▸ Directions for this task
In the data below, how many lines contain the word "from"? Answer with the number alone.

▸ Listed entries
================================
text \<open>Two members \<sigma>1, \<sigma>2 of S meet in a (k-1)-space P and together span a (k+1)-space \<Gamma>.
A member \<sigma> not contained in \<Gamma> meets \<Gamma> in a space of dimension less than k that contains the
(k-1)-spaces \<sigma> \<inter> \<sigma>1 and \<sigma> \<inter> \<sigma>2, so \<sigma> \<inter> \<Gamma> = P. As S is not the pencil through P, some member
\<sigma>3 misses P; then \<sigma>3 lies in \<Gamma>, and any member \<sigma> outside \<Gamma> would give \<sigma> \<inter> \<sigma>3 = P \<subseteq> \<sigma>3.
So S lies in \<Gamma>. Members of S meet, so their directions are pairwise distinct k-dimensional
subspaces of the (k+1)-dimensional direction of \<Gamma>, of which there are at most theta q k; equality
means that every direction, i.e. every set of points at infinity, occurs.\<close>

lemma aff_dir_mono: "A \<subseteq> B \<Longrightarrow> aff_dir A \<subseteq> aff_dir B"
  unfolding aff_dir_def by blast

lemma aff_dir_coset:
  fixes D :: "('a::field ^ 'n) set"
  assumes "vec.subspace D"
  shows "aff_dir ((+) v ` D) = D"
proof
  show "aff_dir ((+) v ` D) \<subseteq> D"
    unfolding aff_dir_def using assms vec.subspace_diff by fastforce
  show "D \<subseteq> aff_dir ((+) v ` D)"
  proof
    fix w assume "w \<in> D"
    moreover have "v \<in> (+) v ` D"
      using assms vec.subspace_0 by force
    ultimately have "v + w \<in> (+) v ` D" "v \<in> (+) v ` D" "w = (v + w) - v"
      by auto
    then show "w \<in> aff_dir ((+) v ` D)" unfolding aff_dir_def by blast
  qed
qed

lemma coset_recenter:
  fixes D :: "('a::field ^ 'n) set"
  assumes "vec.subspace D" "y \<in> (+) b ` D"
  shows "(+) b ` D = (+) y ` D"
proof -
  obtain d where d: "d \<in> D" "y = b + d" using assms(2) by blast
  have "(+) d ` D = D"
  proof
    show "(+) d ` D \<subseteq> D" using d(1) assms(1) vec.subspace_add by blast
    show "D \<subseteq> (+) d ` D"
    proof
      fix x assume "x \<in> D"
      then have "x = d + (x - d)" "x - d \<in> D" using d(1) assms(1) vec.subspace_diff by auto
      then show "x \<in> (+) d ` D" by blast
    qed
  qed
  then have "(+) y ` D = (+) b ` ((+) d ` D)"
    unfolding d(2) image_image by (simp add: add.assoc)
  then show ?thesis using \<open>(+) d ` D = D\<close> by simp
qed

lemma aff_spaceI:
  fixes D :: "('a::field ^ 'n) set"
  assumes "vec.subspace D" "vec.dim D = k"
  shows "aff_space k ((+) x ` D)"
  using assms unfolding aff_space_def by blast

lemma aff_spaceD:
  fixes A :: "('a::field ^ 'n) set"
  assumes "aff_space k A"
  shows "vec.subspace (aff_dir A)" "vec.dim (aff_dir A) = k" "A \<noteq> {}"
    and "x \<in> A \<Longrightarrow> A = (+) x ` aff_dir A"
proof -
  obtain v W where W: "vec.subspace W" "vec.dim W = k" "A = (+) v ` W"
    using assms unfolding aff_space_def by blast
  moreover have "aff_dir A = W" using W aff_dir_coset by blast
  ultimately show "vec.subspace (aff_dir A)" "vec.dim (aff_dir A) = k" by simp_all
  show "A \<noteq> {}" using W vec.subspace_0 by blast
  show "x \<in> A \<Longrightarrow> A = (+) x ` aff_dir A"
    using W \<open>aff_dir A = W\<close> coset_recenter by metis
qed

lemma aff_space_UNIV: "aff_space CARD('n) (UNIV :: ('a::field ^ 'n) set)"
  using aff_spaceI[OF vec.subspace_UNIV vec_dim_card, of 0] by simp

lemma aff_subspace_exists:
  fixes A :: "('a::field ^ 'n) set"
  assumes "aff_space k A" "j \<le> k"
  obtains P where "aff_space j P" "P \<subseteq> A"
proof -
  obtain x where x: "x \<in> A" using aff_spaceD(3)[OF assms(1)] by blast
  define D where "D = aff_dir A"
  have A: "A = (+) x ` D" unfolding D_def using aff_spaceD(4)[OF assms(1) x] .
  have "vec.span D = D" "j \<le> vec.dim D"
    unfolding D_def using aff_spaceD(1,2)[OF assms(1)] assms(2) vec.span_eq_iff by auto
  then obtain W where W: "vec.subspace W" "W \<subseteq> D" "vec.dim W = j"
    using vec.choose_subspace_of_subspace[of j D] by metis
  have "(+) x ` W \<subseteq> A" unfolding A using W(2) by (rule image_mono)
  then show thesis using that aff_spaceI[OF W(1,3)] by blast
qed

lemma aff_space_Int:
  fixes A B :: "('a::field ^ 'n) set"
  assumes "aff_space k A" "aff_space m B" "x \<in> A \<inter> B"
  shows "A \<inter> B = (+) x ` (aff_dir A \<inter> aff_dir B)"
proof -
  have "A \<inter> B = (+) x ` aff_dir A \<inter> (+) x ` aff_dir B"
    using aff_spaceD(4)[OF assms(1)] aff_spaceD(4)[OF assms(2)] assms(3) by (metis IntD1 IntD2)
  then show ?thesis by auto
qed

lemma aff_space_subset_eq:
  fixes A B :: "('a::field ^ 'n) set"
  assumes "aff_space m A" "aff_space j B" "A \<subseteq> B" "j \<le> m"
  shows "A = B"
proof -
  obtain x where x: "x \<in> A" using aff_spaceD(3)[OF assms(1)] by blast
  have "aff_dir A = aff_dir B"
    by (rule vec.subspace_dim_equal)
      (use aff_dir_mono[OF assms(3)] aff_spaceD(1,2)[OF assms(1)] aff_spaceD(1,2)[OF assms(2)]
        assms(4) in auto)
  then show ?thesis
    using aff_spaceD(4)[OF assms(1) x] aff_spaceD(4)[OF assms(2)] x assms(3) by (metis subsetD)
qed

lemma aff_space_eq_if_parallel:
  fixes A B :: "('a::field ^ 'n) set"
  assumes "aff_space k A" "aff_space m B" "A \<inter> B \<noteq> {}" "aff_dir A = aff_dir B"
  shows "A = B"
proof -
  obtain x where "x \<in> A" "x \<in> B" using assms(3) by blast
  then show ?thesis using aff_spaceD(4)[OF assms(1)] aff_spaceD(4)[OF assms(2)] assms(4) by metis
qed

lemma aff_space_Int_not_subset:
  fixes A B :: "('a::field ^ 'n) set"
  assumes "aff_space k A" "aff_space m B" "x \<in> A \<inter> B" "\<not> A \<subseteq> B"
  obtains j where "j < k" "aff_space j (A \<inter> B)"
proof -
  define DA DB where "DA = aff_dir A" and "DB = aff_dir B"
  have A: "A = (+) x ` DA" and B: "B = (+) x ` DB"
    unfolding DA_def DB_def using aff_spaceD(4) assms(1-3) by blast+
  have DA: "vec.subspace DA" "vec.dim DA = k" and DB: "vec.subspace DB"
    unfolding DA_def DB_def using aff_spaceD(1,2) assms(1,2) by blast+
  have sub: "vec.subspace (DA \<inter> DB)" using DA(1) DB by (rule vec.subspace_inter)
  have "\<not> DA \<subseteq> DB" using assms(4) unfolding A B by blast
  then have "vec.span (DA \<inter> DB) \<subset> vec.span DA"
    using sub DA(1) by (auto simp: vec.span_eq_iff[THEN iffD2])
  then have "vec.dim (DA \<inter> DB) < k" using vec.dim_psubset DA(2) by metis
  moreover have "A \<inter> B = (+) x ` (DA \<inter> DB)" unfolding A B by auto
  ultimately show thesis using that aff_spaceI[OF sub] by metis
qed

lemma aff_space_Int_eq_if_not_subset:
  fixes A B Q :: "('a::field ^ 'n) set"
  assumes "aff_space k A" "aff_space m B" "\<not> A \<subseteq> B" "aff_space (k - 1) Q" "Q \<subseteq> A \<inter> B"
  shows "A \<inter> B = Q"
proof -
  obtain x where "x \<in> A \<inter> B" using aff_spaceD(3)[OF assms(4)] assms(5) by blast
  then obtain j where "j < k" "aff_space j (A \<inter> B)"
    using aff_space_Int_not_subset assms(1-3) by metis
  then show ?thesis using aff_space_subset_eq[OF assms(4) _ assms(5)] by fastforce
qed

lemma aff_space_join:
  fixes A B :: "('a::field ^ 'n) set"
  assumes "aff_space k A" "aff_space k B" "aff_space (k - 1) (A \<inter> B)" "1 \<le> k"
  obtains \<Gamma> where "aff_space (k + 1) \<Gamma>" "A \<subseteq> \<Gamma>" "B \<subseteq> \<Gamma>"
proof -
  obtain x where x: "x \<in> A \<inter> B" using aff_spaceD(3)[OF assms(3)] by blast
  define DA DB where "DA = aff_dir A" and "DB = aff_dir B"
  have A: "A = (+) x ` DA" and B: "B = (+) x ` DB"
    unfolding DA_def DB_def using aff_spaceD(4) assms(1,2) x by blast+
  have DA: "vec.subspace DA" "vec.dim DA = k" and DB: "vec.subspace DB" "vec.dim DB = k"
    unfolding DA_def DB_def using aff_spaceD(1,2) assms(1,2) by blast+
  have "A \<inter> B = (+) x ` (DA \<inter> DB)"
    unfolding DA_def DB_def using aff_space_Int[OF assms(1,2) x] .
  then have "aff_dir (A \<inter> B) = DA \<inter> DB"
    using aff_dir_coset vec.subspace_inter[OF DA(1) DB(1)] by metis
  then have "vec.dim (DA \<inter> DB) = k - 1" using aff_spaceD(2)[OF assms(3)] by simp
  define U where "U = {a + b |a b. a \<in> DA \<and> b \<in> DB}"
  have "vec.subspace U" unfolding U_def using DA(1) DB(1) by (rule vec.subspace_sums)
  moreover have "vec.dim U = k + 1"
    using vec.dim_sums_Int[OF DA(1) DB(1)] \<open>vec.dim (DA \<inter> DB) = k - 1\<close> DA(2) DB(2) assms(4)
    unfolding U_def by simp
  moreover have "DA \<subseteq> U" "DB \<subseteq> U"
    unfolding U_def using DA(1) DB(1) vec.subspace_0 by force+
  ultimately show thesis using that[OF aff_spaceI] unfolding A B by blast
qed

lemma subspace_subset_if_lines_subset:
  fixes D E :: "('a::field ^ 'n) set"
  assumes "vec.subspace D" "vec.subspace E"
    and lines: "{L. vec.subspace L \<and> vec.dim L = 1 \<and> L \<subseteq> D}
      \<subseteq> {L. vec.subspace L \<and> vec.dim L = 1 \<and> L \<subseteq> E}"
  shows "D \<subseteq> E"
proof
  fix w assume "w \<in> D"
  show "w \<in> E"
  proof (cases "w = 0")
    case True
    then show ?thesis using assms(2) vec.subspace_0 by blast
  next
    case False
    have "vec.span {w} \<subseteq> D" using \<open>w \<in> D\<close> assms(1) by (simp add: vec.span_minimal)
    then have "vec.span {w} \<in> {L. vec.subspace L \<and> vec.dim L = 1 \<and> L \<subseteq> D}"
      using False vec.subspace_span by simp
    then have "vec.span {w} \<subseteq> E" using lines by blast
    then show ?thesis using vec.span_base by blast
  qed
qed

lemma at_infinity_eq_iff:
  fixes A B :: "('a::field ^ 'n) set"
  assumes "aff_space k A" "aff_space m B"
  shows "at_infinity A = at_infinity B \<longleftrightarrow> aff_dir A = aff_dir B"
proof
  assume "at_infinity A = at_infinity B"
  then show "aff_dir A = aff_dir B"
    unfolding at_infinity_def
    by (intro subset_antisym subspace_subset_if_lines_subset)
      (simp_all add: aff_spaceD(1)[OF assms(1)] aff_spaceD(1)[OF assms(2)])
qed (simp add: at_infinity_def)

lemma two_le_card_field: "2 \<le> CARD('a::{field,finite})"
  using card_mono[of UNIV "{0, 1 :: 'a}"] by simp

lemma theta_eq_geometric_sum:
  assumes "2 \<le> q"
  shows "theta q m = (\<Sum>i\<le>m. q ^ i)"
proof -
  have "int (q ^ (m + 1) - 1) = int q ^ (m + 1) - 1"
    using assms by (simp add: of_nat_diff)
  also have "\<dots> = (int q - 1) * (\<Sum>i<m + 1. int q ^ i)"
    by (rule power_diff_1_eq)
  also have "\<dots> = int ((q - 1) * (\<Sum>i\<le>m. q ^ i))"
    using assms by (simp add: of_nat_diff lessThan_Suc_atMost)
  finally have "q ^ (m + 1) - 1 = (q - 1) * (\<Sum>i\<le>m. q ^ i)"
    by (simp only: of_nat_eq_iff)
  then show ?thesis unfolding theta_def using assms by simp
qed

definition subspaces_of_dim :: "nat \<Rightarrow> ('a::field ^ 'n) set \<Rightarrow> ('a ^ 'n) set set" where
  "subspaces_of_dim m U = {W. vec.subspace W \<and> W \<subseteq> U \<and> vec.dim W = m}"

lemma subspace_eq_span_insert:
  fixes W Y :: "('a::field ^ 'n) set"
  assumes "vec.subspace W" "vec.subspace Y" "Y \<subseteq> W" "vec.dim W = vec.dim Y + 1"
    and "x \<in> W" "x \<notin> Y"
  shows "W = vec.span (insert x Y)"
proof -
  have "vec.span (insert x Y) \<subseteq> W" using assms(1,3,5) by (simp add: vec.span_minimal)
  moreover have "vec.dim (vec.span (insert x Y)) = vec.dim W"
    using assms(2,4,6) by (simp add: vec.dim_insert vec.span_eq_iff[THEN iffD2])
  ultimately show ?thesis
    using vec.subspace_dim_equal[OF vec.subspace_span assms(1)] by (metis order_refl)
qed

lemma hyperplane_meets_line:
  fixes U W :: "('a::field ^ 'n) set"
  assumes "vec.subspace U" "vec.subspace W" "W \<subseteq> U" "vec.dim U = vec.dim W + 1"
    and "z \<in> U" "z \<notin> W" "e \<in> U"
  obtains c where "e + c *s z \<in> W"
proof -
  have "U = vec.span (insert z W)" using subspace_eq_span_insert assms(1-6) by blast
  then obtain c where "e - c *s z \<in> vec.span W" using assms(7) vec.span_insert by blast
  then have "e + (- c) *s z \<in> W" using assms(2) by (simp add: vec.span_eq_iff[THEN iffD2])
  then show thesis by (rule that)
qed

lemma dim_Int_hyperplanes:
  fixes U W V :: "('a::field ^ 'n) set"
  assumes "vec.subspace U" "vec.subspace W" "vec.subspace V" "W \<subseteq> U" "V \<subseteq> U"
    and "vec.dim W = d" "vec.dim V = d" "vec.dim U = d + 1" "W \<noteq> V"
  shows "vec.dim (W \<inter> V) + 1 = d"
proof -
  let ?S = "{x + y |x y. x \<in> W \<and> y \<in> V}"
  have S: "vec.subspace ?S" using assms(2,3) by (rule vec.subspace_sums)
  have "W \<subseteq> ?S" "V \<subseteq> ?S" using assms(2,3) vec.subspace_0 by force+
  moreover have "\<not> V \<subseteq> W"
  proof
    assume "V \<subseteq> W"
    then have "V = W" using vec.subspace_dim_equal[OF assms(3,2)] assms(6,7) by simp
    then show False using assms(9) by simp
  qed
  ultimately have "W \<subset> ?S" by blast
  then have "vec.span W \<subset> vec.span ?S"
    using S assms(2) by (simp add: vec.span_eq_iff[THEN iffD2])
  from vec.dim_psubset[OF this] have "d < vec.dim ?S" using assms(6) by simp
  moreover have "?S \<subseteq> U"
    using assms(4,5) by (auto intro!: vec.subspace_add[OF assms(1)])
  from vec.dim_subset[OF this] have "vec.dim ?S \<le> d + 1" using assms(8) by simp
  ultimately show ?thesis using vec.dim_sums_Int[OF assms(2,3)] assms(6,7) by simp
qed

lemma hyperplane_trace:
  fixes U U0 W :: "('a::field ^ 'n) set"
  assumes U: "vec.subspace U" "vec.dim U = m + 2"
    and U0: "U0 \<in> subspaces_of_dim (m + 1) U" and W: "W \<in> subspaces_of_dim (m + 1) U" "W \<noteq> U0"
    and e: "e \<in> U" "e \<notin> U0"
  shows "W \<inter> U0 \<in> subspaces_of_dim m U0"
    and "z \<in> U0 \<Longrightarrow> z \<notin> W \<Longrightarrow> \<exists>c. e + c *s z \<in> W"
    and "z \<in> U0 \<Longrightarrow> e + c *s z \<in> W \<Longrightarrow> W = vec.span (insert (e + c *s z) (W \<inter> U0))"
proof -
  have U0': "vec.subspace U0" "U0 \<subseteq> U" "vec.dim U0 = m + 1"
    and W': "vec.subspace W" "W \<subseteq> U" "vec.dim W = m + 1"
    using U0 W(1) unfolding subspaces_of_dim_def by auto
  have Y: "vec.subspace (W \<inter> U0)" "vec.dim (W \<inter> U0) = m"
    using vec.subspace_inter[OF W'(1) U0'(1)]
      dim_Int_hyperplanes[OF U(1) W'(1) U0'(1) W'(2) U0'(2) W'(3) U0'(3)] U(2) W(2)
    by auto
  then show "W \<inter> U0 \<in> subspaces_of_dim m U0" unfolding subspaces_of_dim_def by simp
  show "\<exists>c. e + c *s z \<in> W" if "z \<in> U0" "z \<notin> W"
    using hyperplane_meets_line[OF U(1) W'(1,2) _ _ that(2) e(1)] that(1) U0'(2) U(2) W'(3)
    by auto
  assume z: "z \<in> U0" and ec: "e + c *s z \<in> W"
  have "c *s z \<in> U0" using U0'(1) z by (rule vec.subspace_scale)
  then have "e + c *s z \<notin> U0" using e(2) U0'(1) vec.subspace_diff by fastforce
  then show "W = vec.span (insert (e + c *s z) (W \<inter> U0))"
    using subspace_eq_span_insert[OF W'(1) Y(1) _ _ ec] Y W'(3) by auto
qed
================================
▸ Answer below
2